BEGIN GIVEN DATA
(* Let $n\ge 3$. Consider the $n^2$-puzzle: the $n\times n$ grid graph with $n^2$ distinct robots, one occupying each vertex. Then any two states of the $n^2$-puzzle are connected via legal moves, i.e., from any assignment of the robots to the vertices one can reach any other such assignment by a finite sequence of legal moves.
   Context: A state is a bijection between the set of robots and the vertex set of the grid. A legal move (one time step) takes a state to another state such that each robot either stays at its vertex or moves to an adjacent vertex, no two robots end at the same vertex, and no two robots traverse the same edge in opposite directions (swap). Several robots may move simultaneously; since every vertex is occupied, the moving robots move synchronously along one or more vertex-disjoint cycles of the grid. *)

theory Defs
  imports Main
begin

definition grid :: "nat \<Rightarrow> (nat \<times> nat) set" where
  "grid n = {0..<n} \<times> {0..<n}"

definition grid_adj :: "nat \<times> nat \<Rightarrow> nat \<times> nat \<Rightarrow> bool" where
  "grid_adj u v \<longleftrightarrow>
     (fst u = fst v \<and> (snd u = Suc (snd v) \<or> snd v = Suc (snd u))) \<or>
     (snd u = snd v \<and> (fst u = Suc (fst v) \<or> fst v = Suc (fst u)))"

definition is_state :: "nat \<Rightarrow> ('r \<Rightarrow> nat \<times> nat) \<Rightarrow> bool" where
  "is_state n s \<longleftrightarrow> bij_betw s UNIV (grid n)"

text \<open>One legal time step from state s to state s': every robot stays or moves to an
  adjacent vertex, no two robots end at the same vertex (s' is a state, hence injective),
  and no two robots swap along an edge.\<close>
definition legal_move :: "nat \<Rightarrow> ('r \<Rightarrow> nat \<times> nat) \<Rightarrow> ('r \<Rightarrow> nat \<times> nat) \<Rightarrow> bool" where
  "legal_move n s s' \<longleftrightarrow>
     is_state n s \<and> is_state n s' \<and>
     (\<forall>r. s' r = s r \<or> grid_adj (s r) (s' r)) \<and>
     (\<forall>r1 r2. r1 \<noteq> r2 \<and> s' r1 = s r2 \<longrightarrow> s' r2 \<noteq> s r1)"

end

theory Submission
  imports Defs "HOL-Combinatorics.Permutations" "HOL-Combinatorics.Cycles"
begin

text \<open>A single legal move can rotate the robots around any cycle of length at least 3 in the
  grid. In a 2 x 3 block, rotating the two unit squares and then the boundary hexagon in the
  opposite sense exchanges the robots on two adjacent vertices; for n \<ge> 3 every edge of the grid
  lies in such a block. Since the grid is connected, the transpositions of adjacent vertices
  generate all transpositions of vertices, hence all permutations of the grid, and any state
  is carried to any other by a permutation.\<close>

lemma grid_adj_sym: "grid_adj u v \<Longrightarrow> grid_adj v u"
  unfolding grid_adj_def by auto

lemma grid_adj_neq: "grid_adj u v \<Longrightarrow> u \<noteq> v"
  unfolding grid_adj_def by auto

lemma is_state_in_grid: "is_state n s \<Longrightarrow> s r \<in> grid n"
  unfolding is_state_def bij_betw_def by auto

lemma legal_move_is_state: "legal_move n s s' \<Longrightarrow> is_state n s'"
  unfolding legal_move_def by auto

lemma reachable_is_state:
  "(legal_move n)\<^sup>*\<^sup>* s s' \<Longrightarrow> is_state n s \<Longrightarrow> is_state n s'"
  by (induction rule: rtranclp_induct) (auto dest: legal_move_is_state)

lemma legal_move_permute:
  assumes s: "is_state n s" and p: "p permutes grid n"
    and adj: "\<And>v. p v \<noteq> v \<Longrightarrow> grid_adj v (p v)"
    and no_swap: "\<And>v. p v \<noteq> v \<Longrightarrow> p (p v) \<noteq> v"
  shows "legal_move n s (p \<circ> s)"
  unfolding legal_move_def
proof (intro conjI allI impI)
  show "is_state n (p \<circ> s)"
    using s permutes_imp_bij[OF p] unfolding is_state_def by (rule bij_betw_trans)
  show "(p \<circ> s) r = s r \<or> grid_adj (s r) ((p \<circ> s) r)" for r
    using adj[of "s r"] by auto
  fix r1 r2 assume r: "r1 \<noteq> r2 \<and> (p \<circ> s) r1 = s r2"
  then have "p (s r1) \<noteq> s r1"
    using s by (auto simp: is_state_def bij_betw_def dest: injD)
  then show "(p \<circ> s) r2 \<noteq> s r1"
    using r no_swap[of "s r1"] by auto
qed (fact s)

lemma finite_grid: "finite (grid n)"
  by (simp add: grid_def)

definition grid_cycle :: "(nat \<times> nat) list \<Rightarrow> bool" where
  "grid_cycle cs \<longleftrightarrow> distinct cs \<and> 3 \<le> length cs \<and> list_all2 grid_adj cs (rotate1 cs)"

lemma legal_move_cycle:
  assumes s: "is_state n s" and cs: "grid_cycle cs" "set cs \<subseteq> grid n"
  shows "legal_move n s (cycle_of_list cs \<circ> s)"
proof (rule legal_move_permute[OF s])
  let ?p = "cycle_of_list cs"
  have dist: "distinct cs" and len: "3 \<le> length cs" and adj: "list_all2 grid_adj cs (rotate1 cs)"
    using cs(1) by (auto simp: grid_cycle_def)
  show "?p permutes grid n"
    using cycle_permutes cs(2) by (rule permutes_subset)
  have moved: "v \<in> set cs" if "?p v \<noteq> v" for v
    using that id_outside_supp by metis
  have "list_all2 grid_adj cs (map ?p cs)"
    using adj cyclic_rotation[OF dist, of 1] by simp
  then show "grid_adj v (?p v)" if "?p v \<noteq> v" for v
    using moved[OF that] by (simp add: list_all2_map2 list_all2_same)
  show "?p (?p v) \<noteq> v" if v: "?p v \<noteq> v" for v
  proof -
    obtain i where i: "i < length cs" "v = cs ! i"
      using moved[OF v] by (auto simp: in_set_conv_nth)
    have "?p (?p v) = cs ! ((2 + i) mod length cs)"
      using cyclic_rotation[OF dist, of 2] i
      by (metis funpow_0 funpow_Suc_right numeral_2_eq_2 o_apply nth_map nth_rotate)
    moreover have "(2 + i) mod length cs \<noteq> i"
      using i len by (cases "2 + i < length cs") (auto simp: mod_if)
    moreover have "0 < length cs"
      using len by linarith
    ultimately show ?thesis
      using i by (simp add: nth_eq_iff_index_eq[OF dist])
  qed
qed

text \<open>The \<open>itself\<close> argument only fixes the type of robots.\<close>
definition realizable :: "'r itself \<Rightarrow> nat \<Rightarrow> (nat \<times> nat \<Rightarrow> nat \<times> nat) \<Rightarrow> bool" where
  "realizable R n p \<longleftrightarrow> (\<forall>s :: 'r \<Rightarrow> nat \<times> nat. is_state n s \<longrightarrow> (legal_move n)\<^sup>*\<^sup>* s (p \<circ> s))"

lemma realizable_id: "realizable R n id"
  by (simp add: realizable_def)

lemma realizable_comp:
  assumes "realizable R n p" "realizable R n q"
  shows "realizable R n (q \<circ> p)"
  unfolding realizable_def
proof (intro allI impI)
  fix s :: "'a \<Rightarrow> nat \<times> nat" assume s: "is_state n s"
  have "(legal_move n)\<^sup>*\<^sup>* s (p \<circ> s)"
    using assms(1) s by (simp add: realizable_def)
  moreover have "(legal_move n)\<^sup>*\<^sup>* (p \<circ> s) (q \<circ> (p \<circ> s))"
    using assms(2) reachable_is_state[OF calculation s] by (simp add: realizable_def)
  ultimately show "(legal_move n)\<^sup>*\<^sup>* s (q \<circ> p \<circ> s)"
    by (simp add: comp_assoc)
qed

lemma realizable_cycle:
  "grid_cycle cs \<Longrightarrow> set cs \<subseteq> grid n \<Longrightarrow> realizable R n (cycle_of_list cs)"
  by (auto simp: realizable_def intro: legal_move_cycle)

lemma realizable_permutes:
  assumes p: "p permutes grid n"
    and swaps: "\<And>u v. u \<in> grid n \<Longrightarrow> v \<in> grid n \<Longrightarrow> realizable R n (transpose u v)"
  shows "realizable R n p"
  using p finite_grid
proof (induction p rule: permutes_induct)
  case (swap a b p)
  then show ?case using swaps realizable_comp by blast
qed (rule realizable_id)

lemma realizable_transpose_trans:
  assumes "realizable R n (transpose u w)" "realizable R n (transpose w v)"
    and "u \<noteq> v" "w \<noteq> v"
  shows "realizable R n (transpose u v)"
proof -
  have "transpose u v = transpose u w \<circ> transpose w v \<circ> transpose u w"
    using assms(3,4) by (simp add: transpose_comp_triple)
  then show ?thesis using assms(1,2) by (simp add: realizable_comp)
qed

text \<open>The vertices of a ladder form the block \<open>a b c\<close> over \<open>d e f\<close>.\<close>
definition ladder :: "nat \<times> nat \<Rightarrow> nat \<times> nat \<Rightarrow> nat \<times> nat \<Rightarrow> nat \<times> nat \<Rightarrow> nat \<times> nat \<Rightarrow> nat \<times> nat \<Rightarrow> bool" where
  "ladder a b c d e f \<longleftrightarrow> distinct [a, b, c, d, e, f] \<and>
     grid_adj a b \<and> grid_adj b c \<and> grid_adj d e \<and> grid_adj e f \<and>
     grid_adj a d \<and> grid_adj b e \<and> grid_adj c f"

lemma ladder_cycles_eq_transpose:
  assumes "distinct [a, b, c, d, e, f]"
  shows "cycle_of_list [d, e, f, c, b, a] \<circ> cycle_of_list [b, c, f, e] \<circ> cycle_of_list [a, b, e, d]
    = transpose a b"
proof
  fix v
  have "v = a \<or> v = b \<or> v = c \<or> v = d \<or> v = e \<or> v = f \<or> v \<notin> {a, b, c, d, e, f}"
    by blast
  then show "(cycle_of_list [d, e, f, c, b, a] \<circ> cycle_of_list [b, c, f, e]
      \<circ> cycle_of_list [a, b, e, d]) v = transpose a b v"
    using assms by (elim disjE) auto
qed

lemma realizable_ladder_transpose:
  assumes l: "ladder a b c d e f" and g: "{a, b, c, d, e, f} \<subseteq> grid n"
  shows "realizable R n (transpose a b)"
proof -
  have "grid_cycle [a, b, e, d]" "grid_cycle [b, c, f, e]" "grid_cycle [d, e, f, c, b, a]"
    using l by (auto simp: ladder_def grid_cycle_def intro: grid_adj_sym)
  then have "realizable R n (cycle_of_list [d, e, f, c, b, a] \<circ> cycle_of_list [b, c, f, e]
      \<circ> cycle_of_list [a, b, e, d])"
    using g by (intro realizable_comp realizable_cycle) auto
  moreover have "distinct [a, b, c, d, e, f]"
    using l by (simp add: ladder_def)
  ultimately show ?thesis
    by (simp only: ladder_cycles_eq_transpose)
qed

lemma ladder_swap:
  assumes "ladder a b c d e f"
  shows "ladder (prod.swap a) (prod.swap b) (prod.swap c) (prod.swap d) (prod.swap e) (prod.swap f)"
proof -
  have "grid_adj (prod.swap u) (prod.swap v) \<longleftrightarrow> grid_adj u v" for u v :: "nat \<times> nat"
    unfolding grid_adj_def by auto
  moreover have "prod.swap u = prod.swap v \<longleftrightarrow> u = v" for u v :: "nat \<times> nat"
    by (metis swap_swap)
  ultimately show ?thesis
    using assms by (simp add: ladder_def)
qed

lemma swap_in_grid_iff: "prod.swap u \<in> grid n \<longleftrightarrow> u \<in> grid n"
  by (cases u) (auto simp: grid_def)

lemma horizontal_edge_in_ladder:
  assumes n: "3 \<le> n" and ij: "i < n" "j + 1 < n"
  obtains a b c d e f where "{a, b} = {(i, j), (i, j + 1)}" "ladder a b c d e f"
    "{a, b, c, d, e, f} \<subseteq> grid n"
proof -
  define i' where "i' = (if i + 1 < n then i + 1 else i - 1)"
  have i': "i' < n" "i = Suc i' \<or> i' = Suc i"
    using n ij by (auto simp: i'_def)
  show ?thesis
  proof (cases "j + 2 < n")
    case True
    show ?thesis
      by (rule that[of "(i, j)" "(i, j + 1)" "(i, j + 2)" "(i', j)" "(i', j + 1)" "(i', j + 2)"])
        (use ij i' True in \<open>auto simp: ladder_def grid_adj_def grid_def\<close>)
  next
    case False
    then obtain k where k: "j = Suc k"
      using n ij by (cases j) auto
    show ?thesis
      by (rule that[of "(i, j + 1)" "(i, j)" "(i, k)" "(i', j + 1)" "(i', j)" "(i', k)"])
        (use ij i' k in \<open>auto simp: ladder_def grid_adj_def grid_def\<close>)
  qed
qed

lemma realizable_adjacent_transpose:
  assumes n: "3 \<le> n" and uv: "u \<in> grid n" "v \<in> grid n" "grid_adj u v"
  shows "realizable R n (transpose u v)"
proof -
  have horizontal: "realizable R n (transpose (i, j) (i, j + 1))" if ij: "i < n" "j + 1 < n" for i j
  proof -
    obtain a b c d e f where ab: "{a, b} = {(i, j), (i, j + 1)}"
      and l: "ladder a b c d e f" "{a, b, c, d, e, f} \<subseteq> grid n"
      using horizontal_edge_in_ladder[OF n ij] .
    have "realizable R n (transpose a b)"
      using realizable_ladder_transpose[OF l] .
    with ab show ?thesis
      by (auto simp: doubleton_eq_iff transpose_commute)
  qed
  have vertical: "realizable R n (transpose (i, j) (i + 1, j))" if ij: "i + 1 < n" "j < n" for i j
  proof -
    obtain a b c d e f where ab: "{a, b} = {(j, i), (j, i + 1)}"
      and l: "ladder a b c d e f" "{a, b, c, d, e, f} \<subseteq> grid n"
      using horizontal_edge_in_ladder[OF n ij(2,1)] .
    have "realizable R n (transpose (prod.swap a) (prod.swap b))"
      using l by (intro realizable_ladder_transpose[OF ladder_swap]) (auto simp: swap_in_grid_iff)
    with ab show ?thesis
      by (auto simp: doubleton_eq_iff transpose_commute)
  qed
  obtain i j i' j' where u: "u = (i, j)" and v: "v = (i', j')"
    by fastforce
  from uv(3) consider "i = i'" "j' = Suc j" | "i = i'" "j = Suc j'" | "j = j'" "i' = Suc i" | "j = j'" "i = Suc i'"
    unfolding grid_adj_def u v by auto
  then show ?thesis
    using uv(1,2) horizontal vertical unfolding u v grid_def
    by cases (auto simp: transpose_commute)
qed

definition grid_edge :: "nat \<Rightarrow> nat \<times> nat \<Rightarrow> nat \<times> nat \<Rightarrow> bool" where
  "grid_edge n u v \<longleftrightarrow> u \<in> grid n \<and> v \<in> grid n \<and> grid_adj u v"

lemma grid_edge_from_origin:
  assumes "(i, j) \<in> grid n"
  shows "(grid_edge n)\<^sup>*\<^sup>* (0, 0) (i, j)"
proof -
  have i: "i < n" and j: "j < n"
    using assms by (auto simp: grid_def)
  have "(grid_edge n)\<^sup>*\<^sup>* (0, 0) (k, 0)" if "k < n" for k
    using that by (induction k) (auto intro: rtranclp.rtrancl_into_rtrancl
      simp: grid_edge_def grid_def grid_adj_def)
  moreover have "(grid_edge n)\<^sup>*\<^sup>* (i, 0) (i, k)" if "k < n" for k
    using that by (induction k) (auto intro: rtranclp.rtrancl_into_rtrancl
      simp: grid_edge_def grid_def grid_adj_def i)
  ultimately show ?thesis
    using i j by (meson rtranclp_trans)
qed

lemma grid_connected:
  assumes "u \<in> grid n" "v \<in> grid n"
  shows "(grid_edge n)\<^sup>*\<^sup>* u v"
proof -
  have "symp (grid_edge n)"
    unfolding symp_def grid_edge_def by (auto intro: grid_adj_sym)
  then have "symp (grid_edge n)\<^sup>*\<^sup>*"
    by (rule symp_rtranclp)
  then show ?thesis
    using assms grid_edge_from_origin by (metis rtranclp_trans surj_pair sympD)
qed

lemma realizable_transpose:
  assumes n: "3 \<le> n" and uv: "u \<in> grid n" "v \<in> grid n"
  shows "realizable R n (transpose u v)"
  using grid_connected[OF uv]
proof (induction rule: rtranclp_induct)
  case base
  show ?case by (simp add: realizable_def comp_def)
next
  case (step w v)
  then have "realizable R n (transpose w v)" "w \<noteq> v"
    using realizable_adjacent_transpose[OF n] grid_adj_neq unfolding grid_edge_def by blast+
  show ?case
  proof (cases "u = v")
    case True
    then show ?thesis by (simp add: realizable_def comp_def)
  next
    case False
    with \<open>realizable R n (transpose w v)\<close> \<open>w \<noteq> v\<close> step.IH show ?thesis
      by (blast intro: realizable_transpose_trans)
  qed
qed

theorem proposition4:
  fixes n :: nat and s t :: "'r::finite \<Rightarrow> nat \<times> nat"
  assumes "n \<ge> 3" and "card (UNIV :: 'r set) = n * n"
    and "is_state n s" and "is_state n t"
  shows "(legal_move n)\<^sup>*\<^sup>* s t"
proof -
  have s: "bij_betw s UNIV (grid n)" and t: "bij_betw t UNIV (grid n)"
    using assms(3,4) by (auto simp: is_state_def)
  define p where "p v = (if v \<in> grid n then t (inv_into UNIV s v) else v)" for v
  have "bij_betw (t \<circ> inv_into UNIV s) (grid n) (grid n)"
    using bij_betw_inv_into[OF s] t by (rule bij_betw_trans)
  then have "bij_betw p (grid n) (grid n)"
    by (rule bij_betw_cong[THEN iffD1, rotated]) (simp add: p_def)
  then have "p permutes grid n"
    by (rule bij_imp_permutes) (simp add: p_def)
  then have "realizable TYPE('r) n p"
    using realizable_permutes realizable_transpose[OF assms(1)] by blast
  moreover have "p \<circ> s = t"
    using s assms(3) by (intro ext) (simp add: p_def bij_betw_def is_state_in_grid)
  ultimately show ?thesis
    using assms(3) by (auto simp: realizable_def)
qed

end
END GIVEN DATA
◆ TASK PROMPT:
Whenever the string "length" shows up in a line above, copy that line.

◆ TASK SOLUTION:
text \<open>A single legal move can rotate the robots around any cycle of length at least 3 in the
  "grid_cycle cs \<longleftrightarrow> distinct cs \<and> 3 \<le> length cs \<and> list_all2 grid_adj cs (rotate1 cs)"
  have dist: "distinct cs" and len: "3 \<le> length cs" and adj: "list_all2 grid_adj cs (rotate1 cs)"
    obtain i where i: "i < length cs" "v = cs ! i"
    have "?p (?p v) = cs ! ((2 + i) mod length cs)"
    moreover have "(2 + i) mod length cs \<noteq> i"
      using i len by (cases "2 + i < length cs") (auto simp: mod_if)
    moreover have "0 < length cs"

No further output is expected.